• [The problem]
Look through the records below for the line with "(LEAST d. \<exists>\<pi>.". Return that line and each one after it up to and including the line with "The increments of", exactly.

Recorded data
(* Let $g\in\mathcal G^{\mathrm{dyad}}$. (1) For $d\ge\deg(g)$ and a permutation $\pi$ of $\{1,\dots,2^d\}$ with $g=g_\pi$, the map $T_g:\mathcal H^{X,d}\to\mathcal H^{X,d}$, $T_gf(X_{I^d_1},\dots,X_{I^d_{2^d}}):=f(X_{I^d_{\pi(1)}},\dots,X_{I^d_{\pi(2^d)}})$, is well defined: if $f_1(X_{I^d_1},\dots,X_{I^d_{2^d}})=f_2(X_{I^d_1},\dots,X_{I^d_{2^d}})$ a.s., then $f_1(X_{I^d_{\pi(1)}},\dots)=f_2(X_{I^d_{\pi(1)}},\dots)$ a.s. (2) For $e\ge d\ge\deg(g)$ and $g=g_{\pi_e}=g_{\pi_d}$ with $\pi_e,\pi_d$ permutations of $\{1,\dots,2^e\}$, $\{1,\dots,2^d\}$ respectively, the restriction of $T_{g_{\pi_e}}$ (defined on $\mathcal H^{X,e}$) to $\mathcal H^{X,d}$ equals $T_{g_{\pi_d}}$. (3) For $F\in\mathcal H^{X,d}$ with $d\ge\deg(g)$, $F$ and $T_gF$ have the same distribution; in particular $T_g$ is a linear isometry with respect to the $L_2(\mathcal F^X)$-norm.
   Context: $X=(X_t)_{t\in[0,1]}$ is a Lévy process with càdlàg paths and $X_0\equiv0$ on a complete probability space; $\mathcal F^X$ is $\sigma(X_t:t\in[0,1])$ augmented by null sets; $X_{(a,b]}:=X_b-X_a$. Dyadic intervals $I^d_k=((k-1)2^{-d},k2^{-d}]$. $\mathcal H^{X,d}=\{f(X_{I^d_1},\dots,X_{I^d_{2^d}}):f\text{ bounded continuous on }\mathbb R^{2^d}\}\subseteq L_2(\mathcal F^X)$ (as a.s.-equivalence classes). For a permutation $\pi$ of $\{1,\dots,2^d\}$, $g_\pi:(0,1]\to(0,1]$ is $g_\pi(t)=\pi(k)2^{-d}-(k2^{-d}-t)$ for $t\in I^d_k$; $\mathcal G^{\mathrm{dyad}}$ is the set of all $g_\pi$, $d\ge0$; $\deg(g)$ is the least $d$ such that $g=g_\pi$ for some permutation $\pi$ of $\{1,\dots,2^d\}$. *)

theory Defs
  imports "HOL-Probability.Probability"
begin

definition measure_complete :: "'a measure \<Rightarrow> bool" where
  "measure_complete M \<longleftrightarrow> (\<forall>A B. A \<in> null_sets M \<longrightarrow> B \<subseteq> A \<longrightarrow> B \<in> sets M)"

text \<open>A real-valued Levy process on [0,1] with cadlag paths and X_0 = 0 (values of X t
  for t outside [0,1] are irrelevant).\<close>
definition levy_process :: "'a measure \<Rightarrow> (real \<Rightarrow> 'a \<Rightarrow> real) \<Rightarrow> bool" where
  "levy_process M X \<longleftrightarrow>
     prob_space M \<and>
     (\<forall>t\<in>{0..1}. X t \<in> borel_measurable M) \<and>
     (\<forall>\<omega>\<in>space M. X 0 \<omega> = 0) \<and>
     (\<forall>\<omega>\<in>space M. (\<forall>t\<in>{0..<1}. ((\<lambda>s. X s \<omega>) \<longlongrightarrow> X t \<omega>) (at_right t)) \<and>
                   (\<forall>t\<in>{0<..1}. \<exists>l. ((\<lambda>s. X s \<omega>) \<longlongrightarrow> l) (at_left t))) \<and>
     (\<forall>(n::nat) (t::nat \<Rightarrow> real). (\<forall>i\<le>n. t i \<in> {0..1}) \<longrightarrow> (\<forall>i<n. t i < t (Suc i)) \<longrightarrow>
         prob_space.indep_vars M (\<lambda>_. borel) (\<lambda>i \<omega>. X (t (Suc i)) \<omega> - X (t i) \<omega>) {..<n}) \<and>
     (\<forall>s t. 0 \<le> s \<longrightarrow> s \<le> t \<longrightarrow> t \<le> 1 \<longrightarrow>
         distr M borel (\<lambda>\<omega>. X t \<omega> - X s \<omega>) = distr M borel (X (t - s))) \<and>
     (\<forall>t\<in>{0..1}. \<forall>e>0. ((\<lambda>s. measure M {\<omega>\<in>space M. \<bar>X s \<omega> - X t \<omega>\<bar> > e}) \<longlongrightarrow> 0)
         (at t within {0..1}))"

text \<open>R^(2^d) is represented as the subspace of nat \<Rightarrow> real (product topology) of vectors
  supported on the index set {1..2^d}.\<close>
definition dyad_dom :: "nat \<Rightarrow> (nat \<Rightarrow> real) set" where
  "dyad_dom d = {x. \<forall>i. i \<notin> {1..2^d} \<longrightarrow> x i = 0}"

definition bcont :: "nat \<Rightarrow> ((nat \<Rightarrow> real) \<Rightarrow> real) \<Rightarrow> bool" where
  "bcont d f \<longleftrightarrow> continuous_on (dyad_dom d) f \<and> bounded (f ` dyad_dom d)"

definition dyad_incr :: "(real \<Rightarrow> 'a \<Rightarrow> real) \<Rightarrow> nat \<Rightarrow> 'a \<Rightarrow> nat \<Rightarrow> real" where
  "dyad_incr X d \<omega> = (\<lambda>k. if k \<in> {1..2^d}
      then X (real k / 2^d) \<omega> - X ((real k - 1) / 2^d) \<omega> else 0)"

text \<open>The dyadic interval-exchange map g_pi on (0,1]; extended by the identity outside (0,1]
  so that equality of such maps as HOL functions is equality on (0,1].\<close>
definition g_perm :: "nat \<Rightarrow> (nat \<Rightarrow> nat) \<Rightarrow> real \<Rightarrow> real" where
  "g_perm d \<pi> t = (if t \<in> {0<..1} then
      (let k = nat \<lceil>t * 2^d\<rceil> in real (\<pi> k) / 2^d - (real k / 2^d - t)) else t)"

definition G_dyad :: "(real \<Rightarrow> real) set" where
  "G_dyad = {g. \<exists>d \<pi>. \<pi> permutes {1..(2::nat)^d} \<and> g = g_perm d \<pi>}"

definition deg :: "(real \<Rightarrow> real) \<Rightarrow> nat" where
  "deg g = (LEAST d. \<exists>\<pi>. \<pi> permutes {1..(2::nat)^d} \<and> g = g_perm d \<pi>)"

end

theory Submission
  imports Defs
begin

text \<open>
  The increments of X over the dyadic intervals of level d are independent and identically
  distributed, so the law of the increment vector is a product of equal factors and is invariant
  under any permutation of the coordinates. This gives (3) directly, and (1) because an almost sure
  identity between two functions of a random vector only depends on its law. For (2), the level-d
  increments are block sums of the level-e increments; since g_{\<pi>_e} = g_{\<pi>_d}, the permutation
  \<pi>_e moves the level-e blocks exactly as \<pi>_d moves the level-d intervals, so the block sums
  commute with the permutations and (2) becomes an instance of the argument for (1) at level e.
\<close>

lemma (in prob_space) indep_sets_reindex:
  assumes inj: "inj_on h J" and ind: "indep_sets F (h ` J)"
  shows "indep_sets (\<lambda>j. F (h j)) J"
  unfolding indep_sets_def
proof (intro conjI ballI allI impI)
  fix j assume "j \<in> J" then show "F (h j) \<subseteq> events" using ind by (auto simp: indep_sets_def)
next
  fix K A assume K: "K \<subseteq> J" "K \<noteq> {}" "finite K" and A: "A \<in> Pi K (\<lambda>j. F (h j))"
  define A' where "A' i = A (the_inv_into K h i)" for i
  have injK: "inj_on h K" using inj K by (meson inj_on_subset)
  have A'h: "A' (h j) = A j" if "j \<in> K" for j
    using that injK by (simp add: A'_def the_inv_into_f_f)
  have "A' \<in> Pi (h ` K) F" using A A'h by auto
  moreover have "h ` K \<subseteq> h ` J" "h ` K \<noteq> {}" "finite (h ` K)" using K by auto
  ultimately have "prob (\<Inter>i\<in>h ` K. A' i) = (\<Prod>i\<in>h ` K. prob (A' i))"
    using ind unfolding indep_sets_def by blast
  moreover have "(\<Inter>i\<in>h ` K. A' i) = (\<Inter>j\<in>K. A j)" using A'h by auto
  moreover have "(\<Prod>i\<in>h ` K. prob (A' i)) = (\<Prod>j\<in>K. prob (A j))"
    using injK A'h by (simp add: prod.reindex)
  ultimately show "prob (\<Inter>j\<in>K. A j) = (\<Prod>j\<in>K. prob (A j))" by simp
qed

lemma (in prob_space) indep_vars_reindex:
  assumes inj: "inj_on h J" and ind: "indep_vars M' X (h ` J)"
  shows "indep_vars (\<lambda>j. M' (h j)) (\<lambda>j. X (h j)) J"
  using ind indep_sets_reindex[OF inj, of "\<lambda>i. {X i -` A \<inter> space M | A. A \<in> sets (M' i)}"]
  unfolding indep_vars_def2 by auto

• [Answer section]
  "deg g = (LEAST d. \<exists>\<pi>. \<pi> permutes {1..(2::nat)^d} \<and> g = g_perm d \<pi>)"

end

theory Submission
  imports Defs
begin

text \<open>
  The increments of X over the dyadic intervals of level d are independent and identically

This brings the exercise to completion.